## What needs to be done
Begin at the line containing "by (auto simp: gb_def)" in the entries below and end at the line containing "obtain t t'"; transcribe that range exactly and nothing outside it.

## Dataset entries
■ ■ ■ ■

text \<open>Total derivative D = sum over all levels of
  d_t + qdot d_q + pdot d_p + qddot d_qdot + pddot d_pdot + ...,
  realised as the directional derivative along the vector field with these
  components (each expression depends on finitely many coordinates).\<close>
definition tdir :: "jet \<Rightarrow> jet" where
  "tdir z = (\<lambda>(l, c). case c of Tc \<Rightarrow> 1
                              | Qc k \<Rightarrow> z (l, Qc (Suc k))
                              | Pc k \<Rightarrow> z (l, Pc (Suc k)))"

definition Dt :: "expr \<Rightarrow> expr" where
  "Dt F = (\<lambda>z. deriv (\<lambda>s. F (\<lambda>v. z v + s * tdir z v)) 0)"

text \<open>Shift of levels; S_+ F = F o shift 1 (sends t^- to t, t to t^+, etc.).\<close>
definition shift :: "int \<Rightarrow> jet \<Rightarrow> jet" where
  "shift n z = (\<lambda>(l, c). z (l + n, c))"

definition Splus :: "expr \<Rightarrow> expr" where
  "Splus F = (\<lambda>z. F (shift 1 z))"

definition xiE :: "(real \<Rightarrow> real) \<Rightarrow> expr" where
  "xiE xi = (\<lambda>z. xi (z (0, Tc)))"

definition tqpE :: "(real \<times> real \<times> real \<Rightarrow> real) \<Rightarrow> expr" where
  "tqpE g = (\<lambda>z. g (z (0, Tc), z (0, Qc 0), z (0, Pc 0)))"

fun prol :: "expr \<Rightarrow> (nat \<Rightarrow> coord) \<Rightarrow> expr \<Rightarrow> nat \<Rightarrow> expr" where
  "prol xE C base 0 = base"
| "prol xE C base (Suc k) = (\<lambda>z. Dt (prol xE C base k) z - z (0, C (Suc k)) * Dt xE z)"

text \<open>Components of the prolonged vector field at every level; the shifted
  variables carry the shifted coefficients.\<close>
definition Xcoef :: "(real \<Rightarrow> real) \<Rightarrow> (real \<times> real \<times> real \<Rightarrow> real) \<Rightarrow>
    (real \<times> real \<times> real \<Rightarrow> real) \<Rightarrow> jet \<Rightarrow> jet" where
  "Xcoef xi eta nu z = (\<lambda>(l, c). case c of
        Tc \<Rightarrow> xi (z (l, Tc))
      | Qc k \<Rightarrow> prol (xiE xi) Qc (tqpE eta) k (shift l z)
      | Pc k \<Rightarrow> prol (xiE xi) Pc (tqpE nu) k (shift l z))"

definition Xop :: "(real \<Rightarrow> real) \<Rightarrow> (real \<times> real \<times> real \<Rightarrow> real) \<Rightarrow>
    (real \<times> real \<times> real \<Rightarrow> real) \<Rightarrow> expr \<Rightarrow> expr" where
  "Xop xi eta nu F = (\<lambda>z. deriv (\<lambda>s. F (\<lambda>v. z v + s * Xcoef xi eta nu z v)) 0)"

definition varP :: "expr \<Rightarrow> expr" where
  "varP F = (\<lambda>z. pd (0, Pc 0) F z - Dt (pd (0, Pc 1) F) z
     + Splus (\<lambda>w. pd (-1, Pc 0) F w - Dt (pd (-1, Pc 1) F) w) z)"

definition varQ :: "expr \<Rightarrow> expr" where
  "varQ F = (\<lambda>z. pd (0, Qc 0) F z - Dt (pd (0, Qc 1) F) z
     + Splus (\<lambda>w. pd (-1, Qc 0) F w - Dt (pd (-1, Qc 1) F) w) z)"

definition varT :: "expr \<Rightarrow> expr" where
  "varT F = (\<lambda>z. pd (0, Tc) F z
     + Dt (\<lambda>w. w (0, Qc 1) * pd (0, Qc 1) F w + w (0, Pc 1) * pd (0, Pc 1) F w) z
     + Splus (\<lambda>w. pd (-1, Tc) F w
          + Dt (\<lambda>u. u (-1, Qc 1) * pd (-1, Qc 1) F u + u (-1, Pc 1) * pd (-1, Pc 1) F u) w) z
     - Dt F z)"

definition Htil :: "real \<Rightarrow> real \<Rightarrow> real \<Rightarrow> real \<Rightarrow>
    (real \<times> real \<times> real \<times> real \<times> real \<times> real \<Rightarrow> real) \<Rightarrow> expr" where
  "Htil a1 a2 a3 a4 H = (\<lambda>z.
      z (-1, Pc 0) * (a1 * z (0, Qc 1) + a2 * z (-1, Qc 1))
    + z (0, Pc 0) * (a3 * z (0, Qc 1) + a4 * z (-1, Qc 1))
    - H (z (0, Tc), z (-1, Tc), z (0, Qc 0), z (-1, Qc 0), z (0, Pc 0), z (-1, Pc 0)))"

definition Omega :: "(real \<Rightarrow> real) \<Rightarrow> (real \<times> real \<times> real \<Rightarrow> real) \<Rightarrow>
    (real \<times> real \<times> real \<Rightarrow> real) \<Rightarrow> expr \<Rightarrow> expr" where
  "Omega xi eta nu Ht = (\<lambda>z. Xop xi eta nu Ht z + Ht z * Dt (xiE xi) z)"

end

theory Submission
  imports Defs
begin

(* Every expression in the statement (H-tilde, Omega, their variational derivatives and their
   images under the prolonged generator X) is a polynomial in the jet coordinates, the partial
   derivatives of H, eta, nu and the derivatives of f. On such expressions the operators
   pd, D, S_+ and X act by the chain and product rules, so they can be computed on a small term
   language whose symbolic derivative commutes with evaluation. After this reflection each of
   the three identities is a polynomial identity, valid modulo the symmetry of mixed second
   partials (Schwarz's theorem, proved here from the mean value theorem) and
   xi'(t - tau) = xi'(t) = xi'(t + tau); the latter is the only place where xi = alpha t + f
   with f tau-periodic is used. *)

section \<open>Smooth functions and symmetry of mixed partials\<close>

fun iterated_partial :: "('a::euclidean_space \<Rightarrow> real) \<Rightarrow> 'a list \<Rightarrow> 'a \<Rightarrow> real" where
  "iterated_partial g [] = g"
| "iterated_partial g (b # bs) = iterated_partial (\<lambda>x. frechet_derivative g (at x) b) bs"

lemma iterated_partial_snoc:
  "iterated_partial g (bs @ [b]) = (\<lambda>x. frechet_derivative (iterated_partial g bs) (at x) b)"
  by (induction bs arbitrary: g) auto

lemma smooth_fun_partial:
  assumes "smooth_fun g" and "b \<in> Basis"
  shows "smooth_fun (\<lambda>x. frechet_derivative g (at x) b)"
  unfolding smooth_fun_def
proof
  fix k
  have "Ck (Suc k) g" using assms(1) unfolding smooth_fun_def by blast
  then show "Ck k (\<lambda>x. frechet_derivative g (at x) b)" using assms(2) by simp
qed

lemma smooth_fun_iterated_partial:
  "smooth_fun g \<Longrightarrow> set bs \<subseteq> Basis \<Longrightarrow> smooth_fun (iterated_partial g bs)"
  by (induction bs arbitrary: g) (auto intro: smooth_fun_partial)

lemma smooth_fun_differentiable: "smooth_fun g \<Longrightarrow> g differentiable (at x)"
  using Ck.simps(2)[of 0 g] unfolding smooth_fun_def differentiable_on_def by blast

lemma smooth_fun_continuous: "smooth_fun g \<Longrightarrow> continuous (at x) g"
  using Ck.simps(1)[of g] unfolding smooth_fun_def by (metis continuous_on_eq_continuous_at open_UNIV UNIV_I)

lemma has_real_derivative_along_line:
  fixes g :: "'a::euclidean_space \<Rightarrow> real"
  assumes "g differentiable (at (y + s *\<^sub>R u))"
  shows "((\<lambda>s. g (y + s *\<^sub>R u)) has_real_derivative frechet_derivative g (at (y + s *\<^sub>R u)) u) (at s)"
proof -
  let ?g' = "frechet_derivative g (at (y + s *\<^sub>R u))"
  have "(g has_derivative ?g') (at (y + s *\<^sub>R u))"
    using assms frechet_derivative_works by blast
  moreover have "((\<lambda>s. y + s *\<^sub>R u) has_derivative (\<lambda>t. t *\<^sub>R u)) (at s)"
    by (auto intro!: derivative_eq_intros)
  ultimately have "((\<lambda>s. g (y + s *\<^sub>R u)) has_derivative (\<lambda>t. ?g' (t *\<^sub>R u))) (at s)"
    using diff_chain_at by (force simp: o_def)
  moreover have "(\<lambda>t. ?g' (t *\<^sub>R u)) = (*) (?g' u)"
    using linear_scale[OF linear_frechet_derivative[OF assms]] by (auto simp: mult.commute)
  ultimately show ?thesis unfolding has_field_derivative_def by simp
qed

lemma mixed_difference_mean_value:
  fixes g :: "'a::euclidean_space \<Rightarrow> real"
  assumes g: "smooth_fun g" and b: "b \<in> Basis" and "h > 0"
  obtains \<theta> \<theta>' where "0 < \<theta>" "\<theta> < h" "0 < \<theta>'" "\<theta>' < h"
    and "g (x + h *\<^sub>R c + h *\<^sub>R b) - g (x + h *\<^sub>R c) - (g (x + h *\<^sub>R b) - g x)
       = h * (h * iterated_partial g [b, c] (x + \<theta> *\<^sub>R b + \<theta>' *\<^sub>R c))"
proof -
  define gb where "gb = (\<lambda>y. frechet_derivative g (at y) b)"
  have "smooth_fun gb" unfolding gb_def using g b by (rule smooth_fun_partial)
  have "DERIV (\<lambda>u. g (x + h *\<^sub>R c + u *\<^sub>R b) - g (x + u *\<^sub>R b)) u :>
        gb (x + h *\<^sub>R c + u *\<^sub>R b) - gb (x + u *\<^sub>R b)" for u
    unfolding gb_def by (intro DERIV_diff has_real_derivative_along_line smooth_fun_differentiable[OF g])
  from MVT2[OF \<open>h > 0\<close> this] obtain \<theta> where \<theta>: "0 < \<theta>" "\<theta> < h" and
    first: "g (x + h *\<^sub>R c + h *\<^sub>R b) - g (x + h *\<^sub>R b) - (g (x + h *\<^sub>R c) - g x)
       = h * (gb (x + h *\<^sub>R c + \<theta> *\<^sub>R b) - gb (x + \<theta> *\<^sub>R b))"
    by auto
  have "DERIV (\<lambda>v. gb (x + \<theta> *\<^sub>R b + v *\<^sub>R c)) v :>
        frechet_derivative gb (at (x + \<theta> *\<^sub>R b + v *\<^sub>R c)) c" for v
    by (intro has_real_derivative_along_line smooth_fun_differentiable[OF \<open>smooth_fun gb\<close>])
  from MVT2[OF \<open>h > 0\<close> this] obtain \<theta>' where \<theta>': "0 < \<theta>'" "\<theta>' < h" and
    second: "gb (x + \<theta> *\<^sub>R b + h *\<^sub>R c) - gb (x + \<theta> *\<^sub>R b)
       = h * iterated_partial g [b, c] (x + \<theta> *\<^sub>R b + \<theta>' *\<^sub>R c)"
    by (auto simp: gb_def)
  have "x + h *\<^sub>R c + \<theta> *\<^sub>R b = x + \<theta> *\<^sub>R b + h *\<^sub>R c" by (simp add: algebra_simps)
  with first second show thesis
    using that \<theta> \<theta>' by (simp add: algebra_simps)
qed

lemma iterated_partial_commute:
  fixes g :: "'a::euclidean_space \<Rightarrow> real"
  assumes g: "smooth_fun g" and b: "b \<in> Basis" and c: "c \<in> Basis"
  shows "iterated_partial g [b, c] = iterated_partial g [c, b]"
proof
  fix x
  let ?P = "iterated_partial g [b, c]" and ?Q = "iterated_partial g [c, b]"
  show "?P x = ?Q x"
  proof (rule ccontr)
    define \<epsilon> where "\<epsilon> = \<bar>?P x - ?Q x\<bar> / 3"
    assume "?P x \<noteq> ?Q x"
    then have "\<epsilon> > 0" by (simp add: \<epsilon>_def)
    have "smooth_fun ?P" "smooth_fun ?Q"
      using smooth_fun_iterated_partial[OF g, of "[b, c]"] smooth_fun_iterated_partial[OF g, of "[c, b]"] b c
      by (auto simp del: iterated_partial.simps)
    then have "continuous (at x) ?P" "continuous (at x) ?Q"
      by (auto intro: smooth_fun_continuous)
    with \<open>\<epsilon> > 0\<close> obtain \<delta>P \<delta>Q where "\<delta>P > 0" "\<delta>Q > 0"
      and \<delta>P: "\<And>y. dist y x < \<delta>P \<Longrightarrow> dist (?P y) (?P x) < \<epsilon>"
      and \<delta>Q: "\<And>y. dist y x < \<delta>Q \<Longrightarrow> dist (?Q y) (?Q x) < \<epsilon>"
      unfolding continuous_at_eps_delta by metis
    define h where "h = min \<delta>P \<delta>Q / 2"
    have "h > 0" using \<open>\<delta>P > 0\<close> \<open>\<delta>Q > 0\<close> by (simp add: h_def)
    have near: "dist (x + s *\<^sub>R d + t *\<^sub>R e) x < 2 * h"
      if "d \<in> Basis" "e \<in> Basis" "0 < s" "s < h" "0 < t" "t < h" for d e s t
      using norm_triangle_ineq[of "s *\<^sub>R d" "t *\<^sub>R e"] that by (simp add: dist_norm)
    obtain s s' where s: "0 < s" "s < h" "0 < s'" "s' < h" and
      P: "g (x + h *\<^sub>R c + h *\<^sub>R b) - g (x + h *\<^sub>R c) - (g (x + h *\<^sub>R b) - g x)
        = h * (h * ?P (x + s *\<^sub>R b + s' *\<^sub>R c))"
      using mixed_difference_mean_value[OF g b \<open>h > 0\<close>] by blast
    obtain t t' where t: "0 < t" "t < h" "0 < t'" "t' < h" and
      Q: "g (x + h *\<^sub>R b + h *\<^sub>R c) - g (x + h *\<^sub>R b) - (g (x + h *\<^sub>R c) - g x)
        = h * (h * ?Q (x + t *\<^sub>R c + t' *\<^sub>R b))"
      using mixed_difference_mean_value[OF g c \<open>h > 0\<close>] by blast
    have "x + h *\<^sub>R c + h *\<^sub>R b = x + h *\<^sub>R b + h *\<^sub>R c" by (simp add: algebra_simps)
    with P Q \<open>h > 0\<close> have "?P (x + s *\<^sub>R b + s' *\<^sub>R c) = ?Q (x + t *\<^sub>R c + t' *\<^sub>R b)"
      by (simp add: algebra_simps)
    moreover have "dist (?P (x + s *\<^sub>R b + s' *\<^sub>R c)) (?P x) < \<epsilon>"
      using \<delta>P near[OF b c s] by (simp add: h_def)
    moreover have "dist (?Q (x + t *\<^sub>R c + t' *\<^sub>R b)) (?Q x) < \<epsilon>"
      using \<delta>Q near[OF c b t] by (simp add: h_def)
    ultimately show False unfolding \<epsilon>_def dist_real_def by (simp add: abs_if split: if_split_asm)
  qed
qed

■ ■ ■ ■

## Answer to this exercise
    by (auto simp: gb_def)
  have "x + h *\<^sub>R c + \<theta> *\<^sub>R b = x + \<theta> *\<^sub>R b + h *\<^sub>R c" by (simp add: algebra_simps)
  with first second show thesis
    using that \<theta> \<theta>' by (simp add: algebra_simps)
qed

lemma iterated_partial_commute:
  fixes g :: "'a::euclidean_space \<Rightarrow> real"
  assumes g: "smooth_fun g" and b: "b \<in> Basis" and c: "c \<in> Basis"
  shows "iterated_partial g [b, c] = iterated_partial g [c, b]"
proof
  fix x
  let ?P = "iterated_partial g [b, c]" and ?Q = "iterated_partial g [c, b]"
  show "?P x = ?Q x"
  proof (rule ccontr)
    define \<epsilon> where "\<epsilon> = \<bar>?P x - ?Q x\<bar> / 3"
    assume "?P x \<noteq> ?Q x"
    then have "\<epsilon> > 0" by (simp add: \<epsilon>_def)
    have "smooth_fun ?P" "smooth_fun ?Q"
      using smooth_fun_iterated_partial[OF g, of "[b, c]"] smooth_fun_iterated_partial[OF g, of "[c, b]"] b c
      by (auto simp del: iterated_partial.simps)
    then have "continuous (at x) ?P" "continuous (at x) ?Q"
      by (auto intro: smooth_fun_continuous)
    with \<open>\<epsilon> > 0\<close> obtain \<delta>P \<delta>Q where "\<delta>P > 0" "\<delta>Q > 0"
      and \<delta>P: "\<And>y. dist y x < \<delta>P \<Longrightarrow> dist (?P y) (?P x) < \<epsilon>"
      and \<delta>Q: "\<And>y. dist y x < \<delta>Q \<Longrightarrow> dist (?Q y) (?Q x) < \<epsilon>"
      unfolding continuous_at_eps_delta by metis
    define h where "h = min \<delta>P \<delta>Q / 2"
    have "h > 0" using \<open>\<delta>P > 0\<close> \<open>\<delta>Q > 0\<close> by (simp add: h_def)
    have near: "dist (x + s *\<^sub>R d + t *\<^sub>R e) x < 2 * h"
      if "d \<in> Basis" "e \<in> Basis" "0 < s" "s < h" "0 < t" "t < h" for d e s t
      using norm_triangle_ineq[of "s *\<^sub>R d" "t *\<^sub>R e"] that by (simp add: dist_norm)
    obtain s s' where s: "0 < s" "s < h" "0 < s'" "s' < h" and
      P: "g (x + h *\<^sub>R c + h *\<^sub>R b) - g (x + h *\<^sub>R c) - (g (x + h *\<^sub>R b) - g x)
        = h * (h * ?P (x + s *\<^sub>R b + s' *\<^sub>R c))"
      using mixed_difference_mean_value[OF g b \<open>h > 0\<close>] by blast
    obtain t t' where t: "0 < t" "t < h" "0 < t'" "t' < h" and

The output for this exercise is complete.